👵 The global economy is gradually entering an era where the key growth drivers are not only technology and innovation but also demography. Aging populations and rising global wealth could become powerful drivers for the cryptocurrency market well into the 21st century. According to research from the Federal Reserve Bank of Kansas City, demographic shifts alone could trigger unprecedented demand for digital assets, including Bitcoin.

Kansascityfed.org
“Aging populations mean that the upward trend in asset demand observed over recent decades will continue,” the research report published on August 25 states. “We forecast that aging will increase asset demand by an additional 200% of GDP between 2024 and 2100.”
Demography Sets the Rules
Population aging is not just statistics — it is a fundamental trend affecting financial markets. Each new decade will bring more elderly investors with capital who are focused on preserving wealth. At the same time, global productivity growth will increase overall wealth, which also needs to be allocated to assets.
From a Risky Asset to Digital Gold

The Kansas City Fed study suggests that by 2100, demand for assets could grow by an additional 200% of global GDP. This trend will push real interest rates down and boost interest in alternative investments. Enter Bitcoin — the digital gold of the 21st century.
From a Risky Asset to Digital Gold
Today, Bitcoin is often perceived as a risky instrument, but the situation is changing rapidly. Gradual regulatory maturity, infrastructure development, and growing government support are making it increasingly attractive even to conservative investors.
Gracy Chen, CEO of crypto exchange Bitget, notes: “In 75 years, an aging population will value Bitcoin as highly as gold is valued today.” And this is not just words: Bitcoin already occupies 30.95% of investors’ portfolios (May 2025) compared to 25.4% in November 2024. Cryptocurrency is gradually establishing itself as a key defensive asset.
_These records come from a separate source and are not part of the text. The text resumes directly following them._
(* Let $\mathcal{C}$ be a class of $\Sigma$-algebras. If $\dot\Sigma^*/{\dot\sim_{\mathcal{C}}}$ is finite, then $\mathbf{T}_{\le 1}/{\sim_{\mathcal{C}}}$ is finite.
   Context: $\Sigma$ is a finite algebraic signature and $V$ a non-empty finite set of variables; $\mathbf{T}$ is the set of $\Sigma$-terms over $V$. A $\Sigma$-algebra has a non-empty finite universe and an interpretation of each function symbol; $t \sim_{\mathcal{C}} s$ iff $t$ and $s$ evaluate equally under all valuations in all algebras in $\mathcal{C}$. $\mathrm{vo}(t)$ is the number of variable occurrences in $t$, and $\mathbf{T}_{\le k}=\{t\in\mathbf{T} : \mathrm{vo}(t)\le k\}$. $\dot\Sigma$ is the (possibly infinite) set of characters $f(t_1,\dots,t_{i-1},\_,t_{i+1},\dots,t_n)$ where $f\in\Sigma$ is $n$-ary, $i\in\{1,\dots,n\}$, and each $t_j$ ($j\ne i$) is a term with $\mathrm{vo}(t_j)=0$. For a word $w\in\dot\Sigma^*$ and a term $t$, $w[t]$ is defined by $\varepsilon[t] = t$ and $(f(t_1,\dots,\_,\dots,t_n)\,w')[t] = f(t_1,\dots,t_{i-1},w'[t],t_{i+1},\dots,t_n)$. The equivalence $\dot\sim_{\mathcal{C}}$ on $\dot\Sigma^*$ is: $w\ \dot\sim_{\mathcal{C}}\ w'$ iff $w[a]\sim_{\mathcal{C}} w'[a]$, where $a\in V$ is any variable. *)

theory Defs
  imports Main
begin

datatype ('f, 'v) trm = Var 'v | Fun 'f "('f, 'v) trm list"

fun wf_trm :: "'f set \<Rightarrow> ('f \<Rightarrow> nat) \<Rightarrow> 'v set \<Rightarrow> ('f, 'v) trm \<Rightarrow> bool" where
  "wf_trm Sig ar V (Var x) = (x \<in> V)"
| "wf_trm Sig ar V (Fun f ts) = (f \<in> Sig \<and> length ts = ar f \<and> (\<forall>t\<in>set ts. wf_trm Sig ar V t))"

definition Terms :: "'f set \<Rightarrow> ('f \<Rightarrow> nat) \<Rightarrow> 'v set \<Rightarrow> ('f, 'v) trm set" where
  "Terms Sig ar V = {t. wf_trm Sig ar V t}"

fun vo :: "('f, 'v) trm \<Rightarrow> nat" where
  "vo (Var x) = 1"
| "vo (Fun f ts) = sum_list (map vo ts)"

definition Terms_le :: "'f set \<Rightarrow> ('f \<Rightarrow> nat) \<Rightarrow> 'v set \<Rightarrow> nat \<Rightarrow> ('f, 'v) trm set" where
  "Terms_le Sig ar V k = {t \<in> Terms Sig ar V. vo t \<le> k}"

type_synonym ('f, 'a) alg = "'a set \<times> ('f \<Rightarrow> 'a list \<Rightarrow> 'a)"

definition is_algebra :: "'f set \<Rightarrow> ('f \<Rightarrow> nat) \<Rightarrow> ('f, 'a) alg \<Rightarrow> bool" where
  "is_algebra Sig ar Al \<longleftrightarrow> finite (fst Al) \<and> fst Al \<noteq> {} \<and>
     (\<forall>f\<in>Sig. \<forall>as. length as = ar f \<and> set as \<subseteq> fst Al \<longrightarrow> snd Al f as \<in> fst Al)"

fun eval :: "('f \<Rightarrow> 'a list \<Rightarrow> 'a) \<Rightarrow> ('v \<Rightarrow> 'a) \<Rightarrow> ('f, 'v) trm \<Rightarrow> 'a" where
  "eval I \<sigma> (Var x) = \<sigma> x"
| "eval I \<sigma> (Fun f ts) = I f (map (eval I \<sigma>) ts)"

definition equiv_C :: "('f, 'a) alg set \<Rightarrow> 'v set \<Rightarrow> ('f, 'v) trm \<Rightarrow> ('f, 'v) trm \<Rightarrow> bool" where
  "equiv_C C V t s \<longleftrightarrow>
     (\<forall>Al\<in>C. \<forall>\<sigma>. (\<forall>x\<in>V. \<sigma> x \<in> fst Al) \<longrightarrow> eval (snd Al) \<sigma> t = eval (snd Al) \<sigma> s)"

definition equiv_C_rel :: "('f, 'a) alg set \<Rightarrow> 'v set \<Rightarrow> ('f, 'v) trm set \<Rightarrow> (('f, 'v) trm \<times> ('f, 'v) trm) set" where
  "equiv_C_rel C V X = {(t, s). t \<in> X \<and> s \<in> X \<and> equiv_C C V t s}"

text \<open>Dotted characters f(t_1,...,t_{i-1},_,t_{i+1},...,t_n): represented as (f, pre, post)
  with pre = [t_1..t_{i-1}], post = [t_{i+1}..t_n] ground (vo = 0) terms.\<close>
type_synonym ('f, 'v) dchar = "'f \<times> ('f, 'v) trm list \<times> ('f, 'v) trm list"

definition DSig :: "'f set \<Rightarrow> ('f \<Rightarrow> nat) \<Rightarrow> 'v set \<Rightarrow> ('f, 'v) dchar set" where
  "DSig Sig ar V = {(f, pre, post). f \<in> Sig \<and> length pre + 1 + length post = ar f \<and>
      (\<forall>t\<in>set pre \<union> set post. t \<in> Terms Sig ar V \<and> vo t = 0)}"

fun plug :: "('f, 'v) dchar list \<Rightarrow> ('f, 'v) trm \<Rightarrow> ('f, 'v) trm" where
  "plug [] t = t"
| "plug ((f, pre, post) # w) t = Fun f (pre @ [plug w t] @ post)"

definition DWords :: "'f set \<Rightarrow> ('f \<Rightarrow> nat) \<Rightarrow> 'v set \<Rightarrow> ('f, 'v) dchar list set" where
  "DWords Sig ar V = {w. set w \<subseteq> DSig Sig ar V}"

text \<open>w dot-equivalent w' iff w[a] ~_C w'[a]; the choice of a in V is irrelevant, we quantify over all a.\<close>
definition dequiv_C :: "('f, 'a) alg set \<Rightarrow> 'v set \<Rightarrow> ('f, 'v) dchar list \<Rightarrow> ('f, 'v) dchar list \<Rightarrow> bool" where
  "dequiv_C C V w w' \<longleftrightarrow> (\<forall>a\<in>V. equiv_C C V (plug w (Var a)) (plug w' (Var a)))"

definition dequiv_C_rel :: "'f set \<Rightarrow> ('f \<Rightarrow> nat) \<Rightarrow> ('f, 'a) alg set \<Rightarrow> 'v set \<Rightarrow> (('f, 'v) dchar list \<times> ('f, 'v) dchar list) set" where
  "dequiv_C_rel Sig ar C V = {(w, w'). w \<in> DWords Sig ar V \<and> w' \<in> DWords Sig ar V \<and> dequiv_C C V w w'}"

end

theory Submission
  imports Defs
begin

text \<open>A term with at most one variable occurrence has the form \<open>w[b]\<close> with \<open>w \<in> \<dot>\<Sigma>\<^sup>*\<close> and
  \<open>b\<close> a variable or a constant. Since the side arguments of the characters of \<open>w\<close> are
  ground, \<open>w \<dot>\<sim> w'\<close> implies \<open>w[b] \<sim> w'[b]\<close> for every term \<open>b\<close>: evaluate \<open>w[a]\<close> under the
  valuation sending \<open>a\<close> to the value of \<open>b\<close>. So the class of \<open>w[b]\<close> depends only on the
  class of \<open>w\<close> and on \<open>b\<close>, which leaves finitely many classes.\<close>

lemma eval_vo_0_indep: "vo t = 0 \<Longrightarrow> eval I \<sigma> t = eval I \<sigma>' t"
proof (induction t)
  case (Var x)
  then show ?case by simp
next
  case (Fun f ts)
  then have "\<forall>t\<in>set ts. vo t = 0" by (simp add: sum_list_eq_0_iff)
  with Fun.IH show ?case by (simp cong: map_cong)
qed

lemma eval_in_carrier:
  assumes "is_algebra Sig ar Al" and "wf_trm Sig ar V t" and "\<forall>x\<in>V. \<sigma> x \<in> fst Al"
  shows "eval (snd Al) \<sigma> t \<in> fst Al"
  using assms(2)
proof (induction t)
  case (Var x)
  with assms(3) show ?case by simp
next
  case (Fun f ts)
  then have "set (map (eval (snd Al) \<sigma>) ts) \<subseteq> fst Al" by auto
  with Fun.prems assms(1) show ?case by (simp add: is_algebra_def)
qed

lemma equiv_equiv_C_rel: "equiv X (equiv_C_rel C V X)"
  by (rule equivI) (auto simp: equiv_C_rel_def equiv_C_def refl_on_def sym_def trans_def)

definition ground_dword :: "('f, 'v) dchar list \<Rightarrow> bool" where
  "ground_dword w \<longleftrightarrow> (\<forall>(f, pre, post)\<in>set w. \<forall>t\<in>set pre \<union> set post. vo t = 0)"

lemma ground_dword_Cons [simp]:
  "ground_dword ((f, pre, post) # w) \<longleftrightarrow>
     (\<forall>t\<in>set pre \<union> set post. vo t = 0) \<and> ground_dword w"
  by (simp add: ground_dword_def)

lemma ground_dword_if_DWords: "w \<in> DWords Sig ar V \<Longrightarrow> ground_dword w"
  by (auto simp: DWords_def DSig_def ground_dword_def)

lemma eval_plug_cong:
  assumes "ground_dword w" and "eval I \<sigma> t = eval I \<sigma>' s"
  shows "eval I \<sigma> (plug w t) = eval I \<sigma>' (plug w s)"
  using assms(1)
proof (induction w)
  case Nil
  with assms(2) show ?case by simp
next
  case (Cons c w)
  obtain f pre post where c: "c = (f, pre, post)" by (cases c)
  with Cons.prems have pre: "map (eval I \<sigma>) pre = map (eval I \<sigma>') pre"
    and post: "map (eval I \<sigma>) post = map (eval I \<sigma>') post"
    by (auto intro!: map_cong eval_vo_0_indep)
  from Cons.prems have "ground_dword w" by (simp add: c)
  then show ?case by (simp add: c pre post Cons.IH)
qed

lemma vo_plug: "ground_dword w \<Longrightarrow> vo (plug w t) = vo t"
  by (induction w t rule: plug.induct) (simp_all add: sum_list_eq_0_iff)

lemma wf_trm_plug:
  "w \<in> DWords Sig ar V \<Longrightarrow> wf_trm Sig ar V t \<Longrightarrow> wf_trm Sig ar V (plug w t)"
  by (induction w t rule: plug.induct) (auto simp: DWords_def DSig_def Terms_def)

lemma equiv_C_plug_if_dequiv_C:
  assumes "ground_dword w" and "ground_dword w'" and "dequiv_C C V w w'" and "a \<in> V"
    and s_in_carrier: "\<forall>Al\<in>C. \<forall>\<sigma>. (\<forall>x\<in>V. \<sigma> x \<in> fst Al) \<longrightarrow> eval (snd Al) \<sigma> s \<in> fst Al"
  shows "equiv_C C V (plug w s) (plug w' s)"
  unfolding equiv_C_def
proof (intro ballI allI impI)
  fix Al \<sigma>
  assume Al: "Al \<in> C" and \<sigma>: "\<forall>x\<in>V. \<sigma> x \<in> fst Al"
  define \<sigma>' where "\<sigma>' = \<sigma>(a := eval (snd Al) \<sigma> s)"
  have \<sigma>': "\<forall>x\<in>V. \<sigma>' x \<in> fst Al"
    using \<sigma> s_in_carrier Al by (simp add: \<sigma>'_def)
  have s_as_var: "eval (snd Al) \<sigma> s = eval (snd Al) \<sigma>' (Var a)"
    by (simp add: \<sigma>'_def)
  have "eval (snd Al) \<sigma> (plug w s) = eval (snd Al) \<sigma>' (plug w (Var a))"
    using eval_plug_cong[OF assms(1) s_as_var] .
  also have "\<dots> = eval (snd Al) \<sigma>' (plug w' (Var a))"
    using assms(3,4) Al \<sigma>' by (simp add: dequiv_C_def equiv_C_def)
  also have "\<dots> = eval (snd Al) \<sigma> (plug w' s)"
    using eval_plug_cong[OF assms(2) s_as_var[symmetric]] .
  finally show "eval (snd Al) \<sigma> (plug w s) = eval (snd Al) \<sigma> (plug w' s)" .
qed

definition atomic_terms :: "'f set \<Rightarrow> ('f \<Rightarrow> nat) \<Rightarrow> 'v set \<Rightarrow> ('f, 'v) trm set" where
  "atomic_terms Sig ar V = Var ` V \<union> (\<lambda>c. Fun c []) ` {c \<in> Sig. ar c = 0}"

lemma finite_atomic_terms: "finite Sig \<Longrightarrow> finite V \<Longrightarrow> finite (atomic_terms Sig ar V)"
  by (simp add: atomic_terms_def)

lemma atomic_terms_wf_vo:
  "b \<in> atomic_terms Sig ar V \<Longrightarrow> wf_trm Sig ar V b \<and> vo b \<le> 1"
  by (auto simp: atomic_terms_def)

lemma plug_atomic_in_Terms_le:
  "w \<in> DWords Sig ar V \<Longrightarrow> b \<in> atomic_terms Sig ar V \<Longrightarrow> plug w b \<in> Terms_le Sig ar V 1"
  using atomic_terms_wf_vo[of b]
  by (simp add: Terms_le_def Terms_def wf_trm_plug vo_plug ground_dword_if_DWords)

lemma split_list_sum_le_1:
  fixes g :: "'a \<Rightarrow> nat"
  assumes "xs \<noteq> []" and "sum_list (map g xs) \<le> 1"
  shows "\<exists>pre u post. xs = pre @ [u] @ post \<and> (\<forall>x\<in>set pre \<union> set post. g x = 0)"
  using assms
proof (induction xs)
  case Nil
  then show ?case by simp
next
  case (Cons y ys)
  show ?case
  proof (cases "g y = 0 \<and> ys \<noteq> []")
    case True
    with Cons obtain pre u post
      where "ys = pre @ [u] @ post" and "\<forall>x\<in>set pre \<union> set post. g x = 0"
      by auto
    with True show ?thesis by (intro exI[of _ "y # pre"]) auto
  next
    case False
    from Cons.prems have "g y + sum_list (map g ys) \<le> 1" by simp
    then have "sum_list (map g ys) = 0" if "g y \<noteq> 0" using that by linarith
    with False have "\<forall>x\<in>set ys. g x = 0" by (cases "ys = []") auto
    then show ?thesis by (intro exI[of _ "[]"]) auto
  qed
qed

lemma Terms_le_1_plug_atomic:
  assumes "wf_trm Sig ar V t" and "vo t \<le> 1"
  shows "\<exists>w\<in>DWords Sig ar V. \<exists>b\<in>atomic_terms Sig ar V. t = plug w b"
  using assms
proof (induction t)
  case (Var x)
  then show ?case
    by (intro bexI[of _ "[]"] bexI[of _ "Var x"]) (auto simp: DWords_def atomic_terms_def)
next
  case (Fun f ts)
  show ?case
  proof (cases "ts = []")
    case True
    with Fun.prems show ?thesis
      by (intro bexI[of _ "[]"] bexI[of _ "Fun f []"]) (auto simp: DWords_def atomic_terms_def)
  next
    case False
    with Fun.prems obtain pre u post
      where ts: "ts = pre @ [u] @ post" and "\<forall>t\<in>set pre \<union> set post. vo t = 0"
      using split_list_sum_le_1[of ts vo] by auto
    with Fun.prems have "(f, pre, post) \<in> DSig Sig ar V"
      by (auto simp: DSig_def Terms_def)
    moreover obtain w b where "w \<in> DWords Sig ar V" "b \<in> atomic_terms Sig ar V" "u = plug w b"
      using Fun.IH[of u] Fun.prems ts by auto
    ultimately show ?thesis
      using ts by (intro bexI[of _ "(f, pre, post) # w"] bexI[of _ b]) (auto simp: DWords_def)
  qed
qed

lemma equiv_C_class_plug_atomic:
  assumes "\<forall>Al\<in>C. is_algebra Sig ar Al" and "V \<noteq> {}"
    and w: "w \<in> DWords Sig ar V" and b: "b \<in> atomic_terms Sig ar V"
  defines "R \<equiv> equiv_C_rel C V (Terms_le Sig ar V 1)"
  shows "R `` {plug w b} = R `` ((\<lambda>w'. plug w' b) ` (dequiv_C_rel Sig ar C V `` {w}))"
proof -
  obtain a where "a \<in> V" using assms(2) by blast
  have b_in_carrier: "\<forall>Al\<in>C. \<forall>\<sigma>. (\<forall>x\<in>V. \<sigma> x \<in> fst Al) \<longrightarrow> eval (snd Al) \<sigma> b \<in> fst Al"
    using assms(1) eval_in_carrier atomic_terms_wf_vo[OF b] by blast
  have "R `` {plug w' b} = R `` {plug w b}" if "(w, w') \<in> dequiv_C_rel Sig ar C V" for w'
  proof -
    from that have w': "w' \<in> DWords Sig ar V" and "dequiv_C C V w' w"
      by (auto simp: dequiv_C_rel_def dequiv_C_def equiv_C_def)
    then have "equiv_C C V (plug w' b) (plug w b)"
      using \<open>a \<in> V\<close> w b_in_carrier
      by (intro equiv_C_plug_if_dequiv_C) (auto simp: ground_dword_if_DWords)
    moreover have "plug w' b \<in> Terms_le Sig ar V 1" and "plug w b \<in> Terms_le Sig ar V 1"
      using w w' b by (simp_all only: plug_atomic_in_Terms_le)
    ultimately have "(plug w' b, plug w b) \<in> R"
      by (simp add: R_def equiv_C_rel_def)
    then show ?thesis using equiv_class_eq[OF equiv_equiv_C_rel] by (simp add: R_def)
  qed
  moreover have "(w, w) \<in> dequiv_C_rel Sig ar C V"
    using w by (simp add: dequiv_C_rel_def dequiv_C_def equiv_C_def)
  ultimately show ?thesis by blast
qed

theorem lemma2p11:
  fixes Sig :: "'f set" and ar :: "'f \<Rightarrow> nat" and V :: "'v set"
    and C :: "('f, 'a) alg set"
  assumes "finite Sig" and "finite V" and "V \<noteq> {}"
    and "\<forall>Al\<in>C. is_algebra Sig ar Al"
    and "finite (DWords Sig ar V // dequiv_C_rel Sig ar C V)"
  shows "finite (Terms_le Sig ar V 1 // equiv_C_rel C V (Terms_le Sig ar V 1))"
proof -
  let ?R = "equiv_C_rel C V (Terms_le Sig ar V 1)"
  let ?D = "dequiv_C_rel Sig ar C V"
  let ?class = "\<lambda>(W, b). ?R `` ((\<lambda>w. plug w b) ` W)"
  have "Terms_le Sig ar V 1 // ?R \<subseteq> ?class ` (DWords Sig ar V // ?D \<times> atomic_terms Sig ar V)"
  proof
    fix Y assume "Y \<in> Terms_le Sig ar V 1 // ?R"
    then obtain t where "t \<in> Terms_le Sig ar V 1" and Y: "Y = ?R `` {t}"
      by (auto simp: quotient_def)
    then obtain w b where w: "w \<in> DWords Sig ar V" and b: "b \<in> atomic_terms Sig ar V"
      and "t = plug w b"
      using Terms_le_1_plug_atomic by (fastforce simp: Terms_le_def Terms_def)
    with Y have "Y = ?class (?D `` {w}, b)"
      using equiv_C_class_plug_atomic[OF assms(4,3)] by simp
    with w b show "Y \<in> ?class ` (DWords Sig ar V // ?D \<times> atomic_terms Sig ar V)"
      by (auto simp: quotient_def)
  qed
  moreover have "finite (?class ` (DWords Sig ar V // ?D \<times> atomic_terms Sig ar V))"
    using assms(1,2,5) by (simp add: finite_atomic_terms)
  ultimately show ?thesis by (rule finite_subset)
qed

end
The Investor Profile Is Changing
According to Triple-A, by the end of 2024, about 34% of cryptocurrency holders were aged 24–35. But the generation of crypto enthusiasts is aging, and the market is maturing along with them. If crypto was previously associated with fast, risky trades, it is now becoming part of a long-term wealth preservation strategy.
Different ages lead to different investment approaches. Older investors will view Bitcoin as a “digital safe,” while younger, tech-savvy investors will see it as a playground for experimenting with altcoins, Web3, and new projects.

Demography and Capital: Wealth Drives Diversification
Bitfinex analysts emphasize that rising global wealth expands investment horizons and increases risk appetite. The more capital people have, the higher the interest in new assets. This is why cryptocurrencies are becoming not a marginal alternative but a full-fledged part of investment portfolios.
This is particularly true for long-term investors — those willing to “lock up” capital for decades. For them, Bitcoin can serve not only as a diversification tool but also as a hedge against inflation, geopolitical risks, and instability in traditional financial systems.
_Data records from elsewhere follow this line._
lemma nn_out_zero_padded:
  assumes "zero_padded ms ms' \<theta> \<theta>'" and "\<And>l. l \<le> depth ms \<Longrightarrow> ms ! l \<le> ms' ! l"
    and "length ms' = length ms" and "valid_arch ms"
  shows "nn_out \<sigma> ms' \<theta>' = nn_out \<sigma> ms \<theta>"
proof
  fix x
  let ?L = "depth ms - 1"
  have "?L < depth ms" "0 < ms ! Suc ?L" using assms(4) by (auto simp: valid_arch_def)
  then have "preact ms' \<theta>' ?L (hidden \<sigma> ms' \<theta>' x ?L) 0 = preact ms \<theta> ?L (hidden \<sigma> ms \<theta> x ?L) 0"
    using assms(1,2) hidden_zero_padded[OF assms(1,2)] by (intro preact_zero_padded) auto
  moreover have "depth ms' = depth ms" using assms(3) by (simp add: depth_def)
  ultimately show "nn_out \<sigma> ms' \<theta>' x = nn_out \<sigma> ms \<theta> x" by (simp add: nn_out_def)
qed

lemma narrower_widths_le: "narrower ms ms' \<Longrightarrow> l \<le> depth ms \<Longrightarrow> ms ! l \<le> ms' ! l"
  unfolding narrower_def by (cases "l = 0 \<or> l = depth ms") auto

lemma narrower_obtains_wider_layer:
  assumes "narrower ms ms'"
  obtains l where "l \<in> {1..depth ms - 1}" and "ms ! l < ms' ! l"
proof -
  have "0 < (\<Sum>l = 1..depth ms - 1. ms' ! l - ms ! l)" using assms unfolding narrower_def by blast
  then obtain l where "l \<in> {1..depth ms - 1}" "ms' ! l - ms ! l \<noteq> 0"
    by (metis (no_types, lifting) less_irrefl sum.neutral)
  with that show thesis by simp
qed

text \<open>The free parameter is the weight from neuron 0 of layer \<open>l - 1\<close> into the last neuron
  of a hidden layer \<open>l\<close> in which the wide network has an extra neuron.\<close>

lemma zero_padding_with_free_parameter:
  assumes arch: "valid_arch ms" and nw: "narrower ms ms'"
  obtains \<theta>' k0 where "\<theta>' \<in> params (nparams ms')" and "k0 < nparams ms'"
    and "\<And>t. zero_padded ms ms' \<theta> (\<theta>'(k0 := t))"
proof -
  have depth_eq: "depth ms' = depth ms" using nw by (simp add: narrower_def depth_def)
  have le: "ms ! l \<le> ms' ! l" if "l \<le> depth ms" for l using nw that by (rule narrower_widths_le)
  obtain l0 where l0: "l0 \<in> {1..depth ms - 1}" "ms ! l0 < ms' ! l0"
    using nw by (rule narrower_obtains_wider_layer)
  define v where "v = case_sum (\<lambda>(l, i, j). if j < ms ! l then Wt ms \<theta> l i j else 0)
    (\<lambda>(l, i). Bs ms \<theta> l i)"
  obtain \<theta>' where \<theta>': "\<theta>' \<in> params (nparams ms')"
    and slot_val: "\<And>s. s \<in> param_slots ms' \<Longrightarrow> \<theta>' (param_index ms' s) = v s"
    using params_from_slot_values by blast
  define s0 :: param_slot where "s0 = Inl (l0 - 1, ms' ! l0 - 1, 0)"
  have "0 < ms ! (l0 - 1)" using arch l0 unfolding valid_arch_def
    by (metis One_nat_def Suc_le_lessD atLeastAtMost_iff diff_le_self le_trans)
  moreover have "l0 - 1 \<le> depth ms" using l0 by auto
  ultimately have "0 < ms' ! (l0 - 1)" using le by (meson less_le_trans)
  with l0 have s0: "s0 \<in> param_slots ms'"
    by (auto simp: s0_def param_slots_def depth_eq)
  have slot_ne: "param_index ms' s \<noteq> param_index ms' s0"
    if "s \<in> param_slots ms'" "s \<noteq> s0" for s
    using inj_on_param_index that s0 by (metis inj_on_eq_iff)
  show thesis
  proof
    show "\<theta>' \<in> params (nparams ms')" by (fact \<theta>')
    show "param_index ms' s0 < nparams ms'" using s0 by (rule param_index_lt_nparams)
    show "zero_padded ms ms' \<theta> (\<theta>'(param_index ms' s0 := t))" for t
      unfolding zero_padded_def
    proof (intro allI impI conjI)
      fix l i j assume "l < depth ms" "i < ms ! Suc l" "j < ms' ! l"
      moreover from this have "i < ms' ! Suc l" using le[of "Suc l"] by simp
      moreover have "Inl (l, i, j) \<noteq> s0" using l0 le[of l0] \<open>i < ms ! Suc l\<close>
        by (auto simp: s0_def)
      ultimately show "Wt ms' (\<theta>'(param_index ms' s0 := t)) l i j
          = (if j < ms ! l then Wt ms \<theta> l i j else 0)"
        by (simp add: Wt_param_index slot_val slot_ne param_slots_def depth_eq v_def)
    next
      fix l i assume "l < depth ms" "i < ms ! Suc l"
      moreover from this have "i < ms' ! Suc l" using le[of "Suc l"] by simp
      moreover have "Inr (l, i) \<noteq> s0" by (simp add: s0_def)
      ultimately show "Bs ms' (\<theta>'(param_index ms' s0 := t)) l i = Bs ms \<theta> l i"
        by (simp add: Bs_param_index slot_val slot_ne param_slots_def depth_eq v_def)
    qed
  qed
qed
🔮 What It Means for the Future
If the Kansas City Fed’s forecasts are correct, by the end of the century, Bitcoin will no longer be an “alternative asset.” It will become as standard a part of the financial system as bonds or gold are today. The crypto industry itself will become an integral part of the global economy, with digital assets serving not only speculative trades but also pension funds, insurance reserves, and government budgets.
Essentially, we are witnessing a paradigm shift: demography and capital together are pushing cryptocurrencies to become the “new standard” for the financial century ahead.